(Stored data)
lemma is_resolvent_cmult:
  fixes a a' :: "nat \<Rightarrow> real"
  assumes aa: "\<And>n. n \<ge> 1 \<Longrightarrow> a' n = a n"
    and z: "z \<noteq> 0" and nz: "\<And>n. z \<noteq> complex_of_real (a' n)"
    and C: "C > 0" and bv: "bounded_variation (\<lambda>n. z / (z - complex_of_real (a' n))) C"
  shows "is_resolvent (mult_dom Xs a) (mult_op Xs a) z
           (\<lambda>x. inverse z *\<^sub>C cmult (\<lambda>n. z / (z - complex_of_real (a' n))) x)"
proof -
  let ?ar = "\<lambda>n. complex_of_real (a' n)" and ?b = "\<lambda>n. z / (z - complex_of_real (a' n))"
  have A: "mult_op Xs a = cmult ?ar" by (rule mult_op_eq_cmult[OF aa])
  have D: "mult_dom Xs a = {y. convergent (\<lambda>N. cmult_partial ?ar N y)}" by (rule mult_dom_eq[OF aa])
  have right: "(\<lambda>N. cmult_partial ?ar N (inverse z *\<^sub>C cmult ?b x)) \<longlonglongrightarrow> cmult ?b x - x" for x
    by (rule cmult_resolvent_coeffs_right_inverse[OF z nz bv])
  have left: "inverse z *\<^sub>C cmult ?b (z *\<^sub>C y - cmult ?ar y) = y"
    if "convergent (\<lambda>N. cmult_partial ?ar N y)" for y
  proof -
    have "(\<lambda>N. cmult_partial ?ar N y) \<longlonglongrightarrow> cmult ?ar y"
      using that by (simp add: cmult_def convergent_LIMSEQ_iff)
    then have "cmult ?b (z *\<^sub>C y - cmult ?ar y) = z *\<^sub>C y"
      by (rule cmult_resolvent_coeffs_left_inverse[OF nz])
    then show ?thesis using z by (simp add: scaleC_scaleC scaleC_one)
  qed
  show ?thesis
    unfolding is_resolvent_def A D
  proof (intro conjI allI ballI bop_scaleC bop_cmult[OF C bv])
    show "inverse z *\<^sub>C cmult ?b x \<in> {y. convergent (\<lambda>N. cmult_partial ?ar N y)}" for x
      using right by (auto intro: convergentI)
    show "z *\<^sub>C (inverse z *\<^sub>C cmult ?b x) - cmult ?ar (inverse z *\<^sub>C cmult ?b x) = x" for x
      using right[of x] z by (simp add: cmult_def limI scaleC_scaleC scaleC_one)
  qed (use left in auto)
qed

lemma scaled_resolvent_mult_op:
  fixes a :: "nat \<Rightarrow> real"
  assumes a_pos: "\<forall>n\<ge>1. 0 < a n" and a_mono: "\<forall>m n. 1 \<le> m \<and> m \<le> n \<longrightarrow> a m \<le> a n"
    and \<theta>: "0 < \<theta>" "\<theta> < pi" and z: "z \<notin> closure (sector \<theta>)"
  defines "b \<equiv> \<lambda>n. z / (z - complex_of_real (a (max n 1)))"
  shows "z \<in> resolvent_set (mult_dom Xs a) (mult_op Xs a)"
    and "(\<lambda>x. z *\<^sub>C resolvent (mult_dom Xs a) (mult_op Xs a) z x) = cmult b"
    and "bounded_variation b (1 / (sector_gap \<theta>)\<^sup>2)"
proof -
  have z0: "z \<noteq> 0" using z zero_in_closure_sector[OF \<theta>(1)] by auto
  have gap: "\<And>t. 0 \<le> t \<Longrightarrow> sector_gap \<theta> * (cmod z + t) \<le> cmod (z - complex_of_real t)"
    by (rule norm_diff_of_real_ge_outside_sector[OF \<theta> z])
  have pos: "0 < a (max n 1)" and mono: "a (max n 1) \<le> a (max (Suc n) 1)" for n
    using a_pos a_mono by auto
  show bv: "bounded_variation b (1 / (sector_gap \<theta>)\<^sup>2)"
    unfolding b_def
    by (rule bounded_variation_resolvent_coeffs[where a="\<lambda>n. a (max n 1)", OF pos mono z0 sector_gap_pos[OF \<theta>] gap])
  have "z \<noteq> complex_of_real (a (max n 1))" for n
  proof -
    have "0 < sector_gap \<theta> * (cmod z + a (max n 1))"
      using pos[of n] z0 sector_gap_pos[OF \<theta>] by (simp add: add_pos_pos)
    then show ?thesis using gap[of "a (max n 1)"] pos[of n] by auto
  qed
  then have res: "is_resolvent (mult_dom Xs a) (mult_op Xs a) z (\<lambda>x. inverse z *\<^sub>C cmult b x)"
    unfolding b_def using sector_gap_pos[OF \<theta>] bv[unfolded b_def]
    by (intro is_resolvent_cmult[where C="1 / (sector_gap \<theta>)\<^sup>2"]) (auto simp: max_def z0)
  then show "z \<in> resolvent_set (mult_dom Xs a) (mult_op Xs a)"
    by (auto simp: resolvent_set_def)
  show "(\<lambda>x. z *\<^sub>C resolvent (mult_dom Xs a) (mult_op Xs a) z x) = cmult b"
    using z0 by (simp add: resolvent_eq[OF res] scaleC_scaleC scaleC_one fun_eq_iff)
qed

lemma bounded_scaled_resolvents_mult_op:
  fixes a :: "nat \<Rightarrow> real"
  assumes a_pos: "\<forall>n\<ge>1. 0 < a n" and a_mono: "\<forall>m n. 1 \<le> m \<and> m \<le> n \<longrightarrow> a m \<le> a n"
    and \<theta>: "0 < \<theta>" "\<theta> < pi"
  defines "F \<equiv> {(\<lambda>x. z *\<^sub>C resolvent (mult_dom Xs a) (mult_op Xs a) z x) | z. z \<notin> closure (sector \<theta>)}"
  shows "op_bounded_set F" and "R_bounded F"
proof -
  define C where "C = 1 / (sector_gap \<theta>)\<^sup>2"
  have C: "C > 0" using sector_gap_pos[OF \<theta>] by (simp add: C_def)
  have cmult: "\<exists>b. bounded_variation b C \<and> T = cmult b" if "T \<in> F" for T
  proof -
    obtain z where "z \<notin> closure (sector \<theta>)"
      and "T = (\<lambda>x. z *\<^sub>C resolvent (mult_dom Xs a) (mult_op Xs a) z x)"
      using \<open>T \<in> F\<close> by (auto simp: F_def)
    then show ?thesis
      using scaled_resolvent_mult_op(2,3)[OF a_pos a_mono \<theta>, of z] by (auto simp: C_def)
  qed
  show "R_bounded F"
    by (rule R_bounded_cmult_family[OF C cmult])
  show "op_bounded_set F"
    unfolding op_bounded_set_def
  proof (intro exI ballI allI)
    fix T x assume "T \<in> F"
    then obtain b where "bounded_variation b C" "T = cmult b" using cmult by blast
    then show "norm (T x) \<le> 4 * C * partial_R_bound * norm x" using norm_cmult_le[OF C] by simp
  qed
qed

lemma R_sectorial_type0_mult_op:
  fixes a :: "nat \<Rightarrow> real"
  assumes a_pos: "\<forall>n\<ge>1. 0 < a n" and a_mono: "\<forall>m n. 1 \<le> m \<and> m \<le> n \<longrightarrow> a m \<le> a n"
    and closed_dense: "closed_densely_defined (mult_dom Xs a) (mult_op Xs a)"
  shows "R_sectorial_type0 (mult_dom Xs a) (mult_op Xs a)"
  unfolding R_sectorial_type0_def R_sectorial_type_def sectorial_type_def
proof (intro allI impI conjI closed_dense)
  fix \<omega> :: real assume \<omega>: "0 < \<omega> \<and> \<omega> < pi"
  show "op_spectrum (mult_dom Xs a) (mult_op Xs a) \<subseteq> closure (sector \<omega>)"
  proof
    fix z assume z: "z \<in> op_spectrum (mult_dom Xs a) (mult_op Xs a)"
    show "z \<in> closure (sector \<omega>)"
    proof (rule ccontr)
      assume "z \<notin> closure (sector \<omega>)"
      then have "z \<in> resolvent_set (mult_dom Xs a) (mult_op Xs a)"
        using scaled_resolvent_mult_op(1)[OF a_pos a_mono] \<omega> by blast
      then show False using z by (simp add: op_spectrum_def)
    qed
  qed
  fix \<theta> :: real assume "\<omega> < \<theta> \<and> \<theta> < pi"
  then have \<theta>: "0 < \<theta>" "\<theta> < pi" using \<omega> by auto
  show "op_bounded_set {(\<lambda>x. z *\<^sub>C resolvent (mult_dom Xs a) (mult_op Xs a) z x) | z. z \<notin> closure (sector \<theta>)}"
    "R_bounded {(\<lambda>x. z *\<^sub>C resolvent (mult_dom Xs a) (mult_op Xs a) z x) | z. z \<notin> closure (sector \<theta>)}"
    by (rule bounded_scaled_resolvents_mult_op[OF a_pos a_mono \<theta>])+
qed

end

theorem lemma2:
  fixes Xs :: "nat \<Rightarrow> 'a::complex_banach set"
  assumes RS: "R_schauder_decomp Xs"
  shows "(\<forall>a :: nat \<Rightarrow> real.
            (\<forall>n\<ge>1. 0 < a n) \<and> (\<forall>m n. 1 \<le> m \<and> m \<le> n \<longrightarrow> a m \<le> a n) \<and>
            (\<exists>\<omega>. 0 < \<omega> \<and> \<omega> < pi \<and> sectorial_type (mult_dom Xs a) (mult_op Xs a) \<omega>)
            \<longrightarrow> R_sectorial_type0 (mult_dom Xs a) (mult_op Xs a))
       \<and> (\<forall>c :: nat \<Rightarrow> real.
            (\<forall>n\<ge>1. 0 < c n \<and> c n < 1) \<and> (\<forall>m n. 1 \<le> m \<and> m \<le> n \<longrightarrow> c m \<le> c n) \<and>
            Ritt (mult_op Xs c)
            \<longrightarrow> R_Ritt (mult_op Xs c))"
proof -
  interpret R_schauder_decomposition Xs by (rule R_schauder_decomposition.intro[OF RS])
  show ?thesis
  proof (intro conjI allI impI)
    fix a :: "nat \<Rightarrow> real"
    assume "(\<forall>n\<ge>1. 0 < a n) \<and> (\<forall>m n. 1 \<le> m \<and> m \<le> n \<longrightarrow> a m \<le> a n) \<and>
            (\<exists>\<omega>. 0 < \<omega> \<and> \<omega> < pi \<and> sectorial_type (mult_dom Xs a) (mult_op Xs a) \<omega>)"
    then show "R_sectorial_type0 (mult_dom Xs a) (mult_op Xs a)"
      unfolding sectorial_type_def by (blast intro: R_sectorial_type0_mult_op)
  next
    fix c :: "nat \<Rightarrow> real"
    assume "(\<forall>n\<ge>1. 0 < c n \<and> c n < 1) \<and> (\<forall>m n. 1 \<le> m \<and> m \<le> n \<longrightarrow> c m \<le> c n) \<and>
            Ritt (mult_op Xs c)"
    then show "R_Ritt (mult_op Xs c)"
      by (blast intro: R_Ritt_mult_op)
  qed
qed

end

## Task requirements:
Wherever the word "thesis" turns up in the records above, copy the line that holds it.

## Your solution:
    then show ?thesis using z by (simp add: scaleC_scaleC scaleC_one)
  show ?thesis
    then show ?thesis using gap[of "a (max n 1)"] pos[of n] by auto
    then show ?thesis
  show ?thesis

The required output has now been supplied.